Stored data entries
'''

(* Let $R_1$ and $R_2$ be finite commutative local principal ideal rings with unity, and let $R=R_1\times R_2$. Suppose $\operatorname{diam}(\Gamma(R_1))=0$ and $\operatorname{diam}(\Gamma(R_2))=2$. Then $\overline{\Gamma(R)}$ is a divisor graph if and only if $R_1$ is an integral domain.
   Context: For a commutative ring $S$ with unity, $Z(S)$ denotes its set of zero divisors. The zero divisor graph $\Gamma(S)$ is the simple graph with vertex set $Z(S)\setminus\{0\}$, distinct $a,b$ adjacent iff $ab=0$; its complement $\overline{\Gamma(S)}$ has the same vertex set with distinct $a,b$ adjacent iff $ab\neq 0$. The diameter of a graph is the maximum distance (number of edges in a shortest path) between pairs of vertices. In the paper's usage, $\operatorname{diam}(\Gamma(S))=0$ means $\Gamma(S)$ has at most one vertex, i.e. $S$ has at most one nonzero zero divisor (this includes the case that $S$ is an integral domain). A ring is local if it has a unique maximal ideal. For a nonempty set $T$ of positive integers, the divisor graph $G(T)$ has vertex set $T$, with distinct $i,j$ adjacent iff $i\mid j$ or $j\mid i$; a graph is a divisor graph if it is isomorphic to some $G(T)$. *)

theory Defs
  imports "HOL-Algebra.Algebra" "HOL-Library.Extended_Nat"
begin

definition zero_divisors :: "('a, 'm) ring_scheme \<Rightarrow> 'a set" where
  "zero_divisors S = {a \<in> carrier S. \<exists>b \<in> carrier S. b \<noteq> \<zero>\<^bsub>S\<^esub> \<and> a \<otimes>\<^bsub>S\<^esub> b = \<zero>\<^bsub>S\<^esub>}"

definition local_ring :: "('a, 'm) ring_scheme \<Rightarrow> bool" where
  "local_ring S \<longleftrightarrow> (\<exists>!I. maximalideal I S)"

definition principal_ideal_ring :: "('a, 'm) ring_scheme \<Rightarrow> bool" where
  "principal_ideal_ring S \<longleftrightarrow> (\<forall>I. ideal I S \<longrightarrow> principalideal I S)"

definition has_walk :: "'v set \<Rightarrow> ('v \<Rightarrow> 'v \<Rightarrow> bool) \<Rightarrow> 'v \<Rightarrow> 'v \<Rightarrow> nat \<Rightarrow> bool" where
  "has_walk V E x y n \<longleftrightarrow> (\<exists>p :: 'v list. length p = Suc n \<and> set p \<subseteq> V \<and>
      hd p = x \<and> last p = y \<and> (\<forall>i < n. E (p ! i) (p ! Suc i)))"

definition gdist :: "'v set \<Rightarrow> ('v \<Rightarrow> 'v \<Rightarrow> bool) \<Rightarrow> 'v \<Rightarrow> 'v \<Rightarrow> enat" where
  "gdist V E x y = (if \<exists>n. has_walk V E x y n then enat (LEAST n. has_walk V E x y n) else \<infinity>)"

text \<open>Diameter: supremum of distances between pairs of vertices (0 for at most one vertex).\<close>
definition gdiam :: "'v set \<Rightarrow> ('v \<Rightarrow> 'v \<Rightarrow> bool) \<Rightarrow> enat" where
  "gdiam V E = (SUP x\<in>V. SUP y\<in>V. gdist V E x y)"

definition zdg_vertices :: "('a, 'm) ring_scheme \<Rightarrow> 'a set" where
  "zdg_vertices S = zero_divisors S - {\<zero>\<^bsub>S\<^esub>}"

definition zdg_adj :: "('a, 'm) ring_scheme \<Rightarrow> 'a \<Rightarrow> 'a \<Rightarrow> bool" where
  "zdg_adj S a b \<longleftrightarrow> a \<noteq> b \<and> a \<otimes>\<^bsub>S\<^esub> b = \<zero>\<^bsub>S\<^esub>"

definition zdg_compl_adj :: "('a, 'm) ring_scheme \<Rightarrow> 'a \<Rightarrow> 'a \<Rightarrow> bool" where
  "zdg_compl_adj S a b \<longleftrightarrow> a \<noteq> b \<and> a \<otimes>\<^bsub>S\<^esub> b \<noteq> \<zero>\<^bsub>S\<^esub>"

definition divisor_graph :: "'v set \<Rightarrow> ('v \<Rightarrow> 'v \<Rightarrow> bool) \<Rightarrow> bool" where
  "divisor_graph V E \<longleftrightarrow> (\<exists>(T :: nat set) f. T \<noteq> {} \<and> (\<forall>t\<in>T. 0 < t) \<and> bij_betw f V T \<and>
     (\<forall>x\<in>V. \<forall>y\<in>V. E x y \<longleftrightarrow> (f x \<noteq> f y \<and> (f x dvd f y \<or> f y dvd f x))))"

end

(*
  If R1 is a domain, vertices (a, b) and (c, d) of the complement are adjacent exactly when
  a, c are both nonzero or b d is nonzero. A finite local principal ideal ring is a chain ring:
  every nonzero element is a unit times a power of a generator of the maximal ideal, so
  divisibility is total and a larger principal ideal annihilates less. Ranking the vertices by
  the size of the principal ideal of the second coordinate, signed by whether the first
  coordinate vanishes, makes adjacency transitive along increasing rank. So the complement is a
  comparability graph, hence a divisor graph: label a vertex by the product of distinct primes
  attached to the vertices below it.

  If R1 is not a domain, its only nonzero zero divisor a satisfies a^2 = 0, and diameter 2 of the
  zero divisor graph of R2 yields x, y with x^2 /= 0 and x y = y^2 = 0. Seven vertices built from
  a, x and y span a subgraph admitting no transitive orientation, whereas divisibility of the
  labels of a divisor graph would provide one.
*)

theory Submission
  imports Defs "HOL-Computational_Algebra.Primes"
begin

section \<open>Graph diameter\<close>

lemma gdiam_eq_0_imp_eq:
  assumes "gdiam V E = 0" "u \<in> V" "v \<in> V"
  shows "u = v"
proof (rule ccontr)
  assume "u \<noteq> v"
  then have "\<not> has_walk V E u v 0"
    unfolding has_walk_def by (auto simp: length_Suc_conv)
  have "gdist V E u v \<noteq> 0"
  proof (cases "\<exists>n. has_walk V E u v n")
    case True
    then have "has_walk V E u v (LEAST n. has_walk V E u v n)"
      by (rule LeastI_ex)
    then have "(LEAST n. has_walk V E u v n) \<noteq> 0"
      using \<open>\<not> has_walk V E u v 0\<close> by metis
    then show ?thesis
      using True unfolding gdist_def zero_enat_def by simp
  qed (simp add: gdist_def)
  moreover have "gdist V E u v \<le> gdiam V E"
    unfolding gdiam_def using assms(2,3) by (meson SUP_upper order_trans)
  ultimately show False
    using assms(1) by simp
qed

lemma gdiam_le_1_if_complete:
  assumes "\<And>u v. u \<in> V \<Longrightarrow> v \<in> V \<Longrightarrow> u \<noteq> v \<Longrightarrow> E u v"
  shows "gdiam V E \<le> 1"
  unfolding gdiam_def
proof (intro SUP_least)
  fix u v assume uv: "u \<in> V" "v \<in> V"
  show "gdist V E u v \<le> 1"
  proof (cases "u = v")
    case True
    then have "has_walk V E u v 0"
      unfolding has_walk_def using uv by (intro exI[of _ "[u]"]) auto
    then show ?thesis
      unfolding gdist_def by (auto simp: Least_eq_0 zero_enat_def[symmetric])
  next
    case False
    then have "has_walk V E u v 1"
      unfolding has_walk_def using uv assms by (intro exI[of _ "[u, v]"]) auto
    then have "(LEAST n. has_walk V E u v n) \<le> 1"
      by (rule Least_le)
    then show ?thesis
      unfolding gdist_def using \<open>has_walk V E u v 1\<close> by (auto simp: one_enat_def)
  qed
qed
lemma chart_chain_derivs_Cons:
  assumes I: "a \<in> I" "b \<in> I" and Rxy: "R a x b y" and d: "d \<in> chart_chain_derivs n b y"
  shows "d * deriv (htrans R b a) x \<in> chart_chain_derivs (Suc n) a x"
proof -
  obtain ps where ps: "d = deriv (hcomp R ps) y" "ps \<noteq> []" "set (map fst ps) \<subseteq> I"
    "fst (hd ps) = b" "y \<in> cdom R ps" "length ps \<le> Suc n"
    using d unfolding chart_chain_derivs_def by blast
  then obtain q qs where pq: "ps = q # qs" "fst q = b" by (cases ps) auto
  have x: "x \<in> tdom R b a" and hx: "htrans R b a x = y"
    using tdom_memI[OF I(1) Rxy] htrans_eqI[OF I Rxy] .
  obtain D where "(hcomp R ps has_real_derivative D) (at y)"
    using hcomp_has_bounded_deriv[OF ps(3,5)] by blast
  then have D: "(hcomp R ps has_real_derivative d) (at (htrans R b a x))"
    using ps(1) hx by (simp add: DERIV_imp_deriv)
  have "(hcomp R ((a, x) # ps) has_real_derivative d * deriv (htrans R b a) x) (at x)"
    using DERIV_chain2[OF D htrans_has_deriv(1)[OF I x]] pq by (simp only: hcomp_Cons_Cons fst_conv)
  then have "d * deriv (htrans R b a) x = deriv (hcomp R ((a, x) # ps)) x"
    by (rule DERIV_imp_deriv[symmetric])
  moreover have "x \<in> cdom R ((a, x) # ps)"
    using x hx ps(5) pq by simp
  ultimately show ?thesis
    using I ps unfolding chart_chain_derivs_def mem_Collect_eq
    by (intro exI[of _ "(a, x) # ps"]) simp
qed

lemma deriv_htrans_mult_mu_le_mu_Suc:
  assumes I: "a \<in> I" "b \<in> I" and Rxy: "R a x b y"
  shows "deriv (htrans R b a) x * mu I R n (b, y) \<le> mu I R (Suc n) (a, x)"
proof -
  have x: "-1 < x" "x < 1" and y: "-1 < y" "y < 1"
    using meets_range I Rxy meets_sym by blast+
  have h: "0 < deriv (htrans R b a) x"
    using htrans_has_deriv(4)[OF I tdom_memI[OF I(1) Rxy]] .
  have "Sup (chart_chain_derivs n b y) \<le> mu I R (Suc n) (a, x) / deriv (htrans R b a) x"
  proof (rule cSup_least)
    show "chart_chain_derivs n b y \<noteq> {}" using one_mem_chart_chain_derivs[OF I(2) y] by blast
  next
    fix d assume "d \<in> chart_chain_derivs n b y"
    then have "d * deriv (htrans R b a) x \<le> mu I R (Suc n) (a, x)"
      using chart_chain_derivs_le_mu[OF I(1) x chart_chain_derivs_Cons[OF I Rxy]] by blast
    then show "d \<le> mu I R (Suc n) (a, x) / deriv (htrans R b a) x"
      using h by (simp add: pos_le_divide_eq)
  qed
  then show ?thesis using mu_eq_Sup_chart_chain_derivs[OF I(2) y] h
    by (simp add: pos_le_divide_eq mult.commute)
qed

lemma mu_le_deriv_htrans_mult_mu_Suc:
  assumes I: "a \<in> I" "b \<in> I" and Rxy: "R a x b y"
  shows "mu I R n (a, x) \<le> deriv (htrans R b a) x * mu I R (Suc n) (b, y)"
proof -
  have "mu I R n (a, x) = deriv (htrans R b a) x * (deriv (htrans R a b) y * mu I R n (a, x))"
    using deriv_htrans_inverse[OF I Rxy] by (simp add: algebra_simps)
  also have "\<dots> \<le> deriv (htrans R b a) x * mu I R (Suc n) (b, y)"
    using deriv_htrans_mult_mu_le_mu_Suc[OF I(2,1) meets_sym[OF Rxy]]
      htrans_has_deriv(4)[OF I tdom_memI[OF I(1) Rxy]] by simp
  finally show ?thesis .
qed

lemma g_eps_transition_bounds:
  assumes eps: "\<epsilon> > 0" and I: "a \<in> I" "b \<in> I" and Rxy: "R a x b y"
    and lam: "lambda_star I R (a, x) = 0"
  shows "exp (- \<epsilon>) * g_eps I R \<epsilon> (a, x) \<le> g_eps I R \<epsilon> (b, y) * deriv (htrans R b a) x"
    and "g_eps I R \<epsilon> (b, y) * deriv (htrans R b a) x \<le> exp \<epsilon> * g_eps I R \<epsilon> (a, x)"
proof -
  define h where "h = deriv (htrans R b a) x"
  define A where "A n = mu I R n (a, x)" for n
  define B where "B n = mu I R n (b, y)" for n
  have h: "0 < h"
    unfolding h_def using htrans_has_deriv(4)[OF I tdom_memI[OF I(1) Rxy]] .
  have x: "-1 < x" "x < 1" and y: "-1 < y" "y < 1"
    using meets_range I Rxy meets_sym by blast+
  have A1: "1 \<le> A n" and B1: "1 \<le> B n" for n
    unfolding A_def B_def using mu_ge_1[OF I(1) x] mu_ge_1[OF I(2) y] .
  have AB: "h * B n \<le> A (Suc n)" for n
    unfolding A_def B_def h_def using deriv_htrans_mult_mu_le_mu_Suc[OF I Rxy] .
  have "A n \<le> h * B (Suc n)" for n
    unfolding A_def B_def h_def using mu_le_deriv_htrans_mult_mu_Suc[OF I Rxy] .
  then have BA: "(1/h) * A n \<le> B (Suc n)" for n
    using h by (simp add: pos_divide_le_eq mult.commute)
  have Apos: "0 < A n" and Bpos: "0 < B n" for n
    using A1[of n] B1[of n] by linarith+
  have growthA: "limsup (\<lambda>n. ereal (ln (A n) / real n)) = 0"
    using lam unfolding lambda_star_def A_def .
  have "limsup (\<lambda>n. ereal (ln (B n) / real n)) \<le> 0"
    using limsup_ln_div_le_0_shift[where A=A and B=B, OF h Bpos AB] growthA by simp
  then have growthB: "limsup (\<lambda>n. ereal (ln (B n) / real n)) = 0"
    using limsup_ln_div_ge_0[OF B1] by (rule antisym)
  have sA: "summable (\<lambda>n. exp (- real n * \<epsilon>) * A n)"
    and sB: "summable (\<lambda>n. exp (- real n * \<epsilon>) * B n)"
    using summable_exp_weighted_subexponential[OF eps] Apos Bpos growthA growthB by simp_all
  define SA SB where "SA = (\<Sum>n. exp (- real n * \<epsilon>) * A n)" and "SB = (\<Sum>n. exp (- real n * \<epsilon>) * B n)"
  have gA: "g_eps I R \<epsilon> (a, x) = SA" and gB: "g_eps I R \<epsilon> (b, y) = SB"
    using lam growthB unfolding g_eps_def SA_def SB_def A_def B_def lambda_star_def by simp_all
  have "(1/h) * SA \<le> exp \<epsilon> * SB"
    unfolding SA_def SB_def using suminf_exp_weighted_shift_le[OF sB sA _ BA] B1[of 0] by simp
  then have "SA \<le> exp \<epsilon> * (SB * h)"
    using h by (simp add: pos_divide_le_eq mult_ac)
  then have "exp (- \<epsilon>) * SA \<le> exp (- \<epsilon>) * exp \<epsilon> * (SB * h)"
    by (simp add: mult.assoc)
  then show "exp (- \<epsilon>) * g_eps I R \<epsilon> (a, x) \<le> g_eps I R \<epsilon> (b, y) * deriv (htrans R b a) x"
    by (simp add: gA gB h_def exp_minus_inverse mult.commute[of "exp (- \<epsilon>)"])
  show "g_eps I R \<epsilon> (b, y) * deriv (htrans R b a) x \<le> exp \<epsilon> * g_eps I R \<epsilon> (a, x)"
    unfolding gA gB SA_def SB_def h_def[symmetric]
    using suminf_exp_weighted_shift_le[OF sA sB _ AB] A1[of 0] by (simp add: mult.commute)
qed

'''

Exercise description: Looking back over the data above, restate word for word the lines that begin at the line with "comparability graph, hence" and end at the line with "If R1 is not", inclusive.

Solved exercise:
  comparability graph, hence a divisor graph: label a vertex by the product of distinct primes
  attached to the vertices below it.

  If R1 is not a domain, its only nonzero zero divisor a satisfies a^2 = 0, and diameter 2 of the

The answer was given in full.